#### RECORDS PROVIDED

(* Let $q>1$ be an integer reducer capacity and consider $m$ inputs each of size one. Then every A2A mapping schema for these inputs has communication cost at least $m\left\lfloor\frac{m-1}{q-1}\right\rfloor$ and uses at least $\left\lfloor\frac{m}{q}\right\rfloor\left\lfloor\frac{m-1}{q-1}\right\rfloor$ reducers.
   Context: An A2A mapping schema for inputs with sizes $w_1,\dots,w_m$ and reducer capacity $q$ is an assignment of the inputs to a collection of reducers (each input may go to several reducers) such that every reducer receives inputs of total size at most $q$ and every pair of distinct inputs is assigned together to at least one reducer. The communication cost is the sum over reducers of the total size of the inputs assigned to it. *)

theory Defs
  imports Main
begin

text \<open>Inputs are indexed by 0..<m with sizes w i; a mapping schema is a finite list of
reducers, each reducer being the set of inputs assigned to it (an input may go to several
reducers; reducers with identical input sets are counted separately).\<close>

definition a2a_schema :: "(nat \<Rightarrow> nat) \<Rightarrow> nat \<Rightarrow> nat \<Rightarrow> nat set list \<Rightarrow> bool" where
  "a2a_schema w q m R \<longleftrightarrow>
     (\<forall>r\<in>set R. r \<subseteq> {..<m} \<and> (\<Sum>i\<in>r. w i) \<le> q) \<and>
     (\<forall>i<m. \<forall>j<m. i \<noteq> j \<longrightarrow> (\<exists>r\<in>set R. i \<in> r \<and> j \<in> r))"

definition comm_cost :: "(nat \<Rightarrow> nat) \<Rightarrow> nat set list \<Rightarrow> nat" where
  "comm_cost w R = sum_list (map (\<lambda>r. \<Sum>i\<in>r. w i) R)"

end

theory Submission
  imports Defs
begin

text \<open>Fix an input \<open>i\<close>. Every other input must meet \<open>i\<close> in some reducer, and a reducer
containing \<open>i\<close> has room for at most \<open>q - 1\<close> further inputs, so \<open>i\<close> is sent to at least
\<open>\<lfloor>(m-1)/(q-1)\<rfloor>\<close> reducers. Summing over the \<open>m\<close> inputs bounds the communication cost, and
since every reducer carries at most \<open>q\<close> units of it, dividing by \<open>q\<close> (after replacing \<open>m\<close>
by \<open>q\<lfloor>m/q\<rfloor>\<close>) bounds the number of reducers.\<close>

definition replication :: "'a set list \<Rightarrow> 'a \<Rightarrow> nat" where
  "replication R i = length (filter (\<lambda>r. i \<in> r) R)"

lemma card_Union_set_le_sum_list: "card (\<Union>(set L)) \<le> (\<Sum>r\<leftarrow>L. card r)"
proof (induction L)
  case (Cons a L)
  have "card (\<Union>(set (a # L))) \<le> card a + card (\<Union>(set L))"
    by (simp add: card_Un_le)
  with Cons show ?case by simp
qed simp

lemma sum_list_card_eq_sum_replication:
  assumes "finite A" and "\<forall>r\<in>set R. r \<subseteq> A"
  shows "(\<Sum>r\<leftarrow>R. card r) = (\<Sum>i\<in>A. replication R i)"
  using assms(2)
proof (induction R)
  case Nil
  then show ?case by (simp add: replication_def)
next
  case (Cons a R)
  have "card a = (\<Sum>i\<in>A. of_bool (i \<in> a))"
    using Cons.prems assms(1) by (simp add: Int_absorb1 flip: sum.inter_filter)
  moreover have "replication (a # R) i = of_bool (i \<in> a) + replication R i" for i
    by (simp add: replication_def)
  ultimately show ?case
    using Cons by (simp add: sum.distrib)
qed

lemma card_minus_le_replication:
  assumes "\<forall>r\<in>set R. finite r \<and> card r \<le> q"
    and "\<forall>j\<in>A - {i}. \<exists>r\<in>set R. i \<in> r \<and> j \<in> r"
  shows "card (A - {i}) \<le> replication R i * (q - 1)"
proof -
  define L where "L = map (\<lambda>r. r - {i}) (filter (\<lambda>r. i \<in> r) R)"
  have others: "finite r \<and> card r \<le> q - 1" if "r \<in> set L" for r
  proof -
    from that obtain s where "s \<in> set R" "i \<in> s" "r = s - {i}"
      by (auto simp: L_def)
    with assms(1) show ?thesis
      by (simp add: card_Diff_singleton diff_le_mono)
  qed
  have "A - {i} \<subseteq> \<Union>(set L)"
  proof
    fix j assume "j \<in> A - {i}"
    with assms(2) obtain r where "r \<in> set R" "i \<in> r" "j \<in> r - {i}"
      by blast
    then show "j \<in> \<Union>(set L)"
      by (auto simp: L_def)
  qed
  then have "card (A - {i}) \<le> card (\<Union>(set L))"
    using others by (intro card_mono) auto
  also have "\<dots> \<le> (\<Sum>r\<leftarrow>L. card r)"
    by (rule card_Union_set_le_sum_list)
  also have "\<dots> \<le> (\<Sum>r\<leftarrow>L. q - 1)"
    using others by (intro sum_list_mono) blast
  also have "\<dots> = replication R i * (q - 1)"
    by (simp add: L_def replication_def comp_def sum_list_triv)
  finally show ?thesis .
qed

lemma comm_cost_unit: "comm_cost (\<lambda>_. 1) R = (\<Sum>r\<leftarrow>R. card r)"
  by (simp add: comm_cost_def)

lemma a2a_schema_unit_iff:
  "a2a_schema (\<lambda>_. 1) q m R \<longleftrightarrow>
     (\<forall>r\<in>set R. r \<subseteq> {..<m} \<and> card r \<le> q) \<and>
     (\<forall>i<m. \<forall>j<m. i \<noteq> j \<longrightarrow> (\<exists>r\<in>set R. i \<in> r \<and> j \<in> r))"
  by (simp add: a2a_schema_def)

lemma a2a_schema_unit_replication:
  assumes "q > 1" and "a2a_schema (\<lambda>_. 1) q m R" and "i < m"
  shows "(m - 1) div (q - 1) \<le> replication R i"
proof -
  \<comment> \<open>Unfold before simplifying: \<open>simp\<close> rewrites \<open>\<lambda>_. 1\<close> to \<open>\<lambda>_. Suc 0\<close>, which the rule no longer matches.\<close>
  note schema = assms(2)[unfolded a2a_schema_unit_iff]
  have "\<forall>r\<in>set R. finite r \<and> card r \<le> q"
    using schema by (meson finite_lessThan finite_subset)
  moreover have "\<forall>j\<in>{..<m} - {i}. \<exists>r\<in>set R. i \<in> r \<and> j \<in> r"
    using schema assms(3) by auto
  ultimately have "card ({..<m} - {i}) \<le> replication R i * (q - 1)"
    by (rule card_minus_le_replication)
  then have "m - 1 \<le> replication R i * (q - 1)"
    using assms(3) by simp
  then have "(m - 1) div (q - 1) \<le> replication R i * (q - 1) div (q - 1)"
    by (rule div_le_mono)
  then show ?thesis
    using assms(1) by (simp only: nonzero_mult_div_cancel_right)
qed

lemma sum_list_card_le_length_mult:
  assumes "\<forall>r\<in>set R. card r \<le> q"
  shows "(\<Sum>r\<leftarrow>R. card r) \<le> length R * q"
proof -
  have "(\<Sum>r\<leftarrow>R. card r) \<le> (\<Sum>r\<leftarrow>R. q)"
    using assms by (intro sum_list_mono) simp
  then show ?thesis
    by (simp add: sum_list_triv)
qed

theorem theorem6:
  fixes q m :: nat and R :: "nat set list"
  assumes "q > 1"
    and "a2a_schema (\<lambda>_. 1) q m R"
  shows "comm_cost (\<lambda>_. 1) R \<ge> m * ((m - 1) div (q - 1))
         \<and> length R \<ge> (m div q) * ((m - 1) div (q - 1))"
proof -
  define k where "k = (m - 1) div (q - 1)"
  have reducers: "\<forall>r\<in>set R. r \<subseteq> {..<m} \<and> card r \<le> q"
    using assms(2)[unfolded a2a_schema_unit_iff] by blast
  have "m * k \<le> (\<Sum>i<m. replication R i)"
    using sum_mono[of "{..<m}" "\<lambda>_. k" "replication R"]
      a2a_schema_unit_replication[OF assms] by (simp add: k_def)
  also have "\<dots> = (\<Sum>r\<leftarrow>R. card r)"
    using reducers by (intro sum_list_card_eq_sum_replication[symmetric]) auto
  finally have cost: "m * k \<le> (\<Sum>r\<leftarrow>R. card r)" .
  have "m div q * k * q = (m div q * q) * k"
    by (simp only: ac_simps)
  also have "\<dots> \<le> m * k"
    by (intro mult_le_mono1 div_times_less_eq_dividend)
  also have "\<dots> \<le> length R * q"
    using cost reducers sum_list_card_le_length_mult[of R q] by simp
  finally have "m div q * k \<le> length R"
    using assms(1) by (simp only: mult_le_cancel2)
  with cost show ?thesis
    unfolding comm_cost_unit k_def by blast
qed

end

########
#### RECORDS PROVIDED

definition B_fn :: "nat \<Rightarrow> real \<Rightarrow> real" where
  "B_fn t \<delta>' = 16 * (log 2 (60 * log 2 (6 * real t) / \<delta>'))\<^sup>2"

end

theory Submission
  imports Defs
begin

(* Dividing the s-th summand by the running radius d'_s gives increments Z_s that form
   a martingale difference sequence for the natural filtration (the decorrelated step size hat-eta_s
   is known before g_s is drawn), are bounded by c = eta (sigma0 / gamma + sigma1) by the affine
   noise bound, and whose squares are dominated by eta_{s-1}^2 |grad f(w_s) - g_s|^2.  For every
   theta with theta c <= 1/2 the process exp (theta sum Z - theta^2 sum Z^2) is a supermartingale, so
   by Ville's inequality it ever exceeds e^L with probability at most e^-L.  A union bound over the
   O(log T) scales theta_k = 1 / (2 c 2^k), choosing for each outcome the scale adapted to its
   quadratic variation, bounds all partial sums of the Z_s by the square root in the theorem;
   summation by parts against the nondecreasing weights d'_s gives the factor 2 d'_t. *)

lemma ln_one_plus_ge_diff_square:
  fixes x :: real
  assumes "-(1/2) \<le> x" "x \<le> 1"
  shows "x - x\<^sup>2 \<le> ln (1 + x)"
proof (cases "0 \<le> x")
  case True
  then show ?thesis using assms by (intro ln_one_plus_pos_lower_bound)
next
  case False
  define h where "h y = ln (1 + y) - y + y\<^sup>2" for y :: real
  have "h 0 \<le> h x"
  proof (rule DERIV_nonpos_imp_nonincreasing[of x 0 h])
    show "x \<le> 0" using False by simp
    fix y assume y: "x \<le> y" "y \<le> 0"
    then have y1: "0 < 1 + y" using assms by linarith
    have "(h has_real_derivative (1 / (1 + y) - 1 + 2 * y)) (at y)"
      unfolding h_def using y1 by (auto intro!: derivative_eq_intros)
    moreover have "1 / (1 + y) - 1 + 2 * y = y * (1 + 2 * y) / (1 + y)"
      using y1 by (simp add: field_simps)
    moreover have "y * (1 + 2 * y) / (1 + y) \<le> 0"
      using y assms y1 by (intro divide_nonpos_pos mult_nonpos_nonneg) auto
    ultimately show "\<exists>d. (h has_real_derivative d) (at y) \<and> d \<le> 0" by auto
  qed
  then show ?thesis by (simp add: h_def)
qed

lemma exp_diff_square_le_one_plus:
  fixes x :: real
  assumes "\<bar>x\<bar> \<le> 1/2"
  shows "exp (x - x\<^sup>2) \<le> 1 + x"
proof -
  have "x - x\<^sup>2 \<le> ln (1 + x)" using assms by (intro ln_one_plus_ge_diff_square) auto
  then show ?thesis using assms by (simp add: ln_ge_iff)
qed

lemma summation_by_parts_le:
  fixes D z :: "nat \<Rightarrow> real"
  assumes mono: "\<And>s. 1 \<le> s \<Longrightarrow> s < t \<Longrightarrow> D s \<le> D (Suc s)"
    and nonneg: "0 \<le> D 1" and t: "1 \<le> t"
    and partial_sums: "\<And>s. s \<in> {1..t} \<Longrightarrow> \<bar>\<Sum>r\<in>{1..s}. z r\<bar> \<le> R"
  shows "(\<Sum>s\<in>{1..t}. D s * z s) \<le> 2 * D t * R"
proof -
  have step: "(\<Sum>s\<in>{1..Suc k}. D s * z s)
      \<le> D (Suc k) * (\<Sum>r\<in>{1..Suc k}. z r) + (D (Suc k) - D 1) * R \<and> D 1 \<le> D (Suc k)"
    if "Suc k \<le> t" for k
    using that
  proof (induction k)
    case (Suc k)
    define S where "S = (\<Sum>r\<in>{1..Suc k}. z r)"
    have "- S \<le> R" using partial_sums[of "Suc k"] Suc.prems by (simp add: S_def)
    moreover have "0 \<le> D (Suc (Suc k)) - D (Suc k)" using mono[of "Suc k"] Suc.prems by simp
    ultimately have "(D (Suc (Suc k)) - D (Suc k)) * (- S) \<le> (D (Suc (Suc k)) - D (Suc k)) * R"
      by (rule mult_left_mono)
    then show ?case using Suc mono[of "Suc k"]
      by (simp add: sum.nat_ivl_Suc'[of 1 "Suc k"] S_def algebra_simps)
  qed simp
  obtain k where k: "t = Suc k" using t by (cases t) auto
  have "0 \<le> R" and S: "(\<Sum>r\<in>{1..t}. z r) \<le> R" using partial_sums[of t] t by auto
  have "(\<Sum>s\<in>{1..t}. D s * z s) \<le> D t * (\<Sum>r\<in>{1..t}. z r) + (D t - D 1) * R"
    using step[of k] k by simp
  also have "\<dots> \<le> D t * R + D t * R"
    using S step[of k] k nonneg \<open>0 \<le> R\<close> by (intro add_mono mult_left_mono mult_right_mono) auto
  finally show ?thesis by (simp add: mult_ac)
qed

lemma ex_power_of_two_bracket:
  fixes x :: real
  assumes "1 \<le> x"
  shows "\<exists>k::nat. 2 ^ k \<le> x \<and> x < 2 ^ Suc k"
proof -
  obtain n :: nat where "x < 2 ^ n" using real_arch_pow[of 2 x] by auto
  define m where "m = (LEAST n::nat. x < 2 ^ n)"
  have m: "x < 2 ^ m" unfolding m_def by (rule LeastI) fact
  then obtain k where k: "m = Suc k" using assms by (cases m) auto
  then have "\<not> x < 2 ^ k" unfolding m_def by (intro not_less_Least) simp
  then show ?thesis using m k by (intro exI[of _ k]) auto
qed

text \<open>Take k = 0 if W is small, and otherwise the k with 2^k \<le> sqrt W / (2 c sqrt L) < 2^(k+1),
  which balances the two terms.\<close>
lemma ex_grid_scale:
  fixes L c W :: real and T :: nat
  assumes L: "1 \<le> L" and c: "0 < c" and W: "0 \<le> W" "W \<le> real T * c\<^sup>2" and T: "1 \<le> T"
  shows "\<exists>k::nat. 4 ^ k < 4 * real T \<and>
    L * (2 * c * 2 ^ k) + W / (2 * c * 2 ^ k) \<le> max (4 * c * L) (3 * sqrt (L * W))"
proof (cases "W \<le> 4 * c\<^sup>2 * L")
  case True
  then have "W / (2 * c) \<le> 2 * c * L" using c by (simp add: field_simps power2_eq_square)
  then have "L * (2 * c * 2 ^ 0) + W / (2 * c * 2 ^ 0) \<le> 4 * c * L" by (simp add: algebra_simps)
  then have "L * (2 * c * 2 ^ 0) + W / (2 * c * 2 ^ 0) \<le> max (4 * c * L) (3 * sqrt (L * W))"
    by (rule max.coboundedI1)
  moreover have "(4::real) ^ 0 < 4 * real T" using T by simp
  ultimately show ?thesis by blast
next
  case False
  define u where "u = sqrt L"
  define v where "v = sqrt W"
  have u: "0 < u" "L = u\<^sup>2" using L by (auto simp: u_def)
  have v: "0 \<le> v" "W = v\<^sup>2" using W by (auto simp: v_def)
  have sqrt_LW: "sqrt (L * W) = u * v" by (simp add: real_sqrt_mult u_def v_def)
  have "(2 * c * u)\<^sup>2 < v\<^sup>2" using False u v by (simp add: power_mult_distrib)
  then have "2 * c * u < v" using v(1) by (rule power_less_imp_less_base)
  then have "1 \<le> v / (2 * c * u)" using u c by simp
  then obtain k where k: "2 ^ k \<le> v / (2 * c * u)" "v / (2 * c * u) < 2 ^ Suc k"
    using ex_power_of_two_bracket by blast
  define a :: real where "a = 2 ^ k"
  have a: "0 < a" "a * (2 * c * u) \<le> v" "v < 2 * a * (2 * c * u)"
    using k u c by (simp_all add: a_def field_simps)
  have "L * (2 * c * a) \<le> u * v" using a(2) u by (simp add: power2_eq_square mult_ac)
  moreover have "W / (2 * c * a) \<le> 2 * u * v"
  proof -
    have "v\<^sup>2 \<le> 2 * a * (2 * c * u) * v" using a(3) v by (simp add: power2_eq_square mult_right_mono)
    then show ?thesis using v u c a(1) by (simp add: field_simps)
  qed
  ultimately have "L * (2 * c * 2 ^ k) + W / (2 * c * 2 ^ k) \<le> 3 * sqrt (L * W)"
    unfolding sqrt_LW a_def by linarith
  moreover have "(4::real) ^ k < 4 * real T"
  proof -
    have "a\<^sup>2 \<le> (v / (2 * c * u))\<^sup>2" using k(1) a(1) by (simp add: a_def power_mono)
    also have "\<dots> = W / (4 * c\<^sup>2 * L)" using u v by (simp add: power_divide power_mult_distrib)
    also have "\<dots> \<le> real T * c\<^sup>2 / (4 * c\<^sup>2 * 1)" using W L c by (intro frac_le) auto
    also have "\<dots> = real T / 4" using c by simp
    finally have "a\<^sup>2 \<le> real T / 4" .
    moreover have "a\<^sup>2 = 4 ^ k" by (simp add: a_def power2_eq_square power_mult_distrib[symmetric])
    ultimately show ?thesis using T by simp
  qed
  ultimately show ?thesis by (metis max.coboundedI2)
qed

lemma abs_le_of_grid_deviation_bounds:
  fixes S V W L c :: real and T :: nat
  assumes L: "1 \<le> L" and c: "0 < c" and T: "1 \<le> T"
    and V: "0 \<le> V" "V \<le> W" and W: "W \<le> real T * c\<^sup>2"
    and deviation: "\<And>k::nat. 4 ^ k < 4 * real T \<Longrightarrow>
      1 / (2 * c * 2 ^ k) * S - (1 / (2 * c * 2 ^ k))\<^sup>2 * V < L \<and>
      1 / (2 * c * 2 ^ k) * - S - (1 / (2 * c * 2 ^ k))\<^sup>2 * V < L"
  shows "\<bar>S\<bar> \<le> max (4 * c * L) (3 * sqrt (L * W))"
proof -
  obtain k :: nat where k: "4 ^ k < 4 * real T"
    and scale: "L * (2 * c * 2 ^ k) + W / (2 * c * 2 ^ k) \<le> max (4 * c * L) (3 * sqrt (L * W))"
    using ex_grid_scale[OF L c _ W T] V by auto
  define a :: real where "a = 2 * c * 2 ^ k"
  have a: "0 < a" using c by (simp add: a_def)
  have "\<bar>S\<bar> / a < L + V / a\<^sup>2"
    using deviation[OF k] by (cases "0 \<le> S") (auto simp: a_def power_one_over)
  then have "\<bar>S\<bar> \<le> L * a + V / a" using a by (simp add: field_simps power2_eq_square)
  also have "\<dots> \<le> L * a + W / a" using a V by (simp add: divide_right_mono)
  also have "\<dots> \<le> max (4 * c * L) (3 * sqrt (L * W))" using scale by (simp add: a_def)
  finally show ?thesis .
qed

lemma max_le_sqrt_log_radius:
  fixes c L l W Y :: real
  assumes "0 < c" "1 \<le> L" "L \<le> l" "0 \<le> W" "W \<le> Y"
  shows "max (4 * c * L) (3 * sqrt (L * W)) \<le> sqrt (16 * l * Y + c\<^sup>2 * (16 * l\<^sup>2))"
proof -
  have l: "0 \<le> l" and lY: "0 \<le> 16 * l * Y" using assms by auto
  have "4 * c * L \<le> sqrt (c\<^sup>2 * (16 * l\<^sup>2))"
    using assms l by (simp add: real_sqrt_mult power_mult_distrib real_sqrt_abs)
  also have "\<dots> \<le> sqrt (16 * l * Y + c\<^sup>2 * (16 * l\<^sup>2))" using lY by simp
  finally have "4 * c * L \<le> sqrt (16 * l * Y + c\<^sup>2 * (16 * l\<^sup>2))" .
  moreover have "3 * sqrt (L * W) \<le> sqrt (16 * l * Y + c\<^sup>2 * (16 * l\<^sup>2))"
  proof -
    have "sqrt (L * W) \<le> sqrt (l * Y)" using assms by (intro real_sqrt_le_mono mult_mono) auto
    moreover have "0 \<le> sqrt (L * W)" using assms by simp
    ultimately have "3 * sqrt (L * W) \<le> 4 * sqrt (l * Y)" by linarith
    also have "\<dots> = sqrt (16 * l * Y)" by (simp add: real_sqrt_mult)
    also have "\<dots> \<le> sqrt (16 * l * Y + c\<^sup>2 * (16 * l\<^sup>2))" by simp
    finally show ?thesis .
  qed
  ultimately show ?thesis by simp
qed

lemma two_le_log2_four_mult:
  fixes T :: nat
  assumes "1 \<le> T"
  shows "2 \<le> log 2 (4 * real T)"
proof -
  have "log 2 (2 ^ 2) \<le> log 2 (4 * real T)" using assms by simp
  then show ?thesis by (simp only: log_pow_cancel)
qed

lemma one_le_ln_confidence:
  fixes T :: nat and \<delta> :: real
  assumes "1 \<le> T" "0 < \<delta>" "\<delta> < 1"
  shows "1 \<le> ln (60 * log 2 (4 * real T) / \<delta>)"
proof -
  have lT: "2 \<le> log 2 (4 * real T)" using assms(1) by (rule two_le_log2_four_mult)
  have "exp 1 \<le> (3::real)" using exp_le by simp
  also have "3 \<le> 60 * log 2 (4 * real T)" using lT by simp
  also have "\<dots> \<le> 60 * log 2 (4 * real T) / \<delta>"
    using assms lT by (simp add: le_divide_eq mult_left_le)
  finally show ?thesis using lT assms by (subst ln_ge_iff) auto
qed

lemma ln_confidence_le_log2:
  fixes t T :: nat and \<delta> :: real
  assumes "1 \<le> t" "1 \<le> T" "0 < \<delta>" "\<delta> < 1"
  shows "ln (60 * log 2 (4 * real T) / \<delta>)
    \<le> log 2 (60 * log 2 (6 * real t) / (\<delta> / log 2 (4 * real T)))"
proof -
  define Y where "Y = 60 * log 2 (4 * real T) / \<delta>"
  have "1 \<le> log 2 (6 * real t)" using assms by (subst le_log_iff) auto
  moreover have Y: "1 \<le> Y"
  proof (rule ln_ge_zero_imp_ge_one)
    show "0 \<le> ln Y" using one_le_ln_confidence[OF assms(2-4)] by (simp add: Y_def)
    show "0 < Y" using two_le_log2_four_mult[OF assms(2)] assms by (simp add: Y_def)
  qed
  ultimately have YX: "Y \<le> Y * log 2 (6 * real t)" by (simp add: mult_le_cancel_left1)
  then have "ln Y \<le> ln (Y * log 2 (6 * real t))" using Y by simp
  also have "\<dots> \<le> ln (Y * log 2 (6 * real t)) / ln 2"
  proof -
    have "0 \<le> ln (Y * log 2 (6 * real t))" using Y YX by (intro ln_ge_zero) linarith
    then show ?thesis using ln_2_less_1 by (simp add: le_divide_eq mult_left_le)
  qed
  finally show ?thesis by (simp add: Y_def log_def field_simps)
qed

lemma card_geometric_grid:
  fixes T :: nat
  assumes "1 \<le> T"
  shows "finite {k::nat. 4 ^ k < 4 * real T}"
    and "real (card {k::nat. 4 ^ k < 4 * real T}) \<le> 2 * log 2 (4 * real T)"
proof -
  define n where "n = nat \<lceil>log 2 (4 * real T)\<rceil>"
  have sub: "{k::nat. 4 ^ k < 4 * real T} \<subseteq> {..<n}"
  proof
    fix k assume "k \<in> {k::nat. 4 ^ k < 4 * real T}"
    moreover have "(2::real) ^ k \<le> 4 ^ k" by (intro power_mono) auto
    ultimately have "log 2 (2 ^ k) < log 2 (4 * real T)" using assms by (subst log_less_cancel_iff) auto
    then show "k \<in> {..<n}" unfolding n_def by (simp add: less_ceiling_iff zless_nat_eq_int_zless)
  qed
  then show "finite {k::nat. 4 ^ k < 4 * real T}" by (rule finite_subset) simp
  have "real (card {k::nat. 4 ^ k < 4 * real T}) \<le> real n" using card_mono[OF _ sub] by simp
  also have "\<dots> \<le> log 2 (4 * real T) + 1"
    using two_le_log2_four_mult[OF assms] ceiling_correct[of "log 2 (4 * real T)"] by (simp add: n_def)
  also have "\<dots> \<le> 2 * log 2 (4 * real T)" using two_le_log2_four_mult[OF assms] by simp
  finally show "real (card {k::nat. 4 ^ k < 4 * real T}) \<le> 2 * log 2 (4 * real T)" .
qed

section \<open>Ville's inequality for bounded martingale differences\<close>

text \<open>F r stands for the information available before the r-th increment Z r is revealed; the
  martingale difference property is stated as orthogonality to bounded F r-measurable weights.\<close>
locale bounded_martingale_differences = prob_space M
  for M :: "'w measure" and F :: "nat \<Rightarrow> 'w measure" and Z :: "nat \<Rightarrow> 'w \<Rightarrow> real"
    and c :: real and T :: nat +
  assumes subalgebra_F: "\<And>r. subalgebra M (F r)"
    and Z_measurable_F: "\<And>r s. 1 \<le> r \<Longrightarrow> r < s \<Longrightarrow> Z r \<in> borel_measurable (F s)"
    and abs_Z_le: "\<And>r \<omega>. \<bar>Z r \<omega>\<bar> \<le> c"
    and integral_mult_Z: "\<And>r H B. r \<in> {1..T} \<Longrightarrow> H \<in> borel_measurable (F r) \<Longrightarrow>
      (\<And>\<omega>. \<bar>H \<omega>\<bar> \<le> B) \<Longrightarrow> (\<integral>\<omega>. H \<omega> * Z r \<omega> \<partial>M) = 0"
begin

########

TASK OBJECTIVE: Above are the entries. Output exactly the lines beginning with the line that has "with Cons show ?case by simp" and ending with the line that has "case (Cons a R)".

EXERCISE OUTPUT:
  with Cons show ?case by simp
qed simp

lemma sum_list_card_eq_sum_replication:
  assumes "finite A" and "\<forall>r\<in>set R. r \<subseteq> A"
  shows "(\<Sum>r\<leftarrow>R. card r) = (\<Sum>i\<in>A. replication R i)"
  using assms(2)
proof (induction R)
  case Nil
  then show ?case by (simp add: replication_def)
next
  case (Cons a R)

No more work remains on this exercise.